### PROBLEM TO WORK ON
Show all lines from the listing below that contain "such".

### DATA UNDER STUDY
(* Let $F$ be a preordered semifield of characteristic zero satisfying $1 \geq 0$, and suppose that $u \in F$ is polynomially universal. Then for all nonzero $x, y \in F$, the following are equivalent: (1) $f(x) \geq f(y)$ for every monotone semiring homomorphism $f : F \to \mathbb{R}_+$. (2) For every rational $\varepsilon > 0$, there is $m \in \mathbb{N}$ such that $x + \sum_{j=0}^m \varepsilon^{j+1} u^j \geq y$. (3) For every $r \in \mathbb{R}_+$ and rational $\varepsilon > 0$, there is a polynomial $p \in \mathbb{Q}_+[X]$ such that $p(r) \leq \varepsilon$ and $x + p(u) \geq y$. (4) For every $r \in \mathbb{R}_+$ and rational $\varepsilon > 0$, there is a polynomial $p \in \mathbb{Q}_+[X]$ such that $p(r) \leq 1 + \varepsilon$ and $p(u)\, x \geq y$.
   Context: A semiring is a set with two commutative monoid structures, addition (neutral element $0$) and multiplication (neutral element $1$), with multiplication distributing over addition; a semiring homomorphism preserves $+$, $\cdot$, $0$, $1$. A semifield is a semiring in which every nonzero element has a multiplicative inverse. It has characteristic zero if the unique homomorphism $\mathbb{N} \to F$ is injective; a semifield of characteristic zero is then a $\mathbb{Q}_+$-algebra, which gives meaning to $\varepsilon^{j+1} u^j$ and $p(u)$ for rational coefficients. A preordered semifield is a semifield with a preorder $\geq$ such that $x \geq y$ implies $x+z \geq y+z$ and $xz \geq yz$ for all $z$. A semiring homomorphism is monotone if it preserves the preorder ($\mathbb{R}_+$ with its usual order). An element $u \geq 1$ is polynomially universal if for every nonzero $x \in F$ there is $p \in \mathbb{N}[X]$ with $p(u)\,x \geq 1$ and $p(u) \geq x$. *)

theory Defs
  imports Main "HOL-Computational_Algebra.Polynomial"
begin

### OUTPUT
(* Let $F$ be a preordered semifield of characteristic zero satisfying $1 \geq 0$, and suppose that $u \in F$ is polynomially universal. Then for all nonzero $x, y \in F$, the following are equivalent: (1) $f(x) \geq f(y)$ for every monotone semiring homomorphism $f : F \to \mathbb{R}_+$. (2) For every rational $\varepsilon > 0$, there is $m \in \mathbb{N}$ such that $x + \sum_{j=0}^m \varepsilon^{j+1} u^j \geq y$. (3) For every $r \in \mathbb{R}_+$ and rational $\varepsilon > 0$, there is a polynomial $p \in \mathbb{Q}_+[X]$ such that $p(r) \leq \varepsilon$ and $x + p(u) \geq y$. (4) For every $r \in \mathbb{R}_+$ and rational $\varepsilon > 0$, there is a polynomial $p \in \mathbb{Q}_+[X]$ such that $p(r) \leq 1 + \varepsilon$ and $p(u)\, x \geq y$.
   Context: A semiring is a set with two commutative monoid structures, addition (neutral element $0$) and multiplication (neutral element $1$), with multiplication distributing over addition; a semiring homomorphism preserves $+$, $\cdot$, $0$, $1$. A semifield is a semiring in which every nonzero element has a multiplicative inverse. It has characteristic zero if the unique homomorphism $\mathbb{N} \to F$ is injective; a semifield of characteristic zero is then a $\mathbb{Q}_+$-algebra, which gives meaning to $\varepsilon^{j+1} u^j$ and $p(u)$ for rational coefficients. A preordered semifield is a semifield with a preorder $\geq$ such that $x \geq y$ implies $x+z \geq y+z$ and $xz \geq yz$ for all $z$. A semiring homomorphism is monotone if it preserves the preorder ($\mathbb{R}_+$ with its usual order). An element $u \geq 1$ is polynomially universal if for every nonzero $x \in F$ there is $p \in \mathbb{N}[X]$ with $p(u)\,x \geq 1$ and $p(u) \geq x$. *)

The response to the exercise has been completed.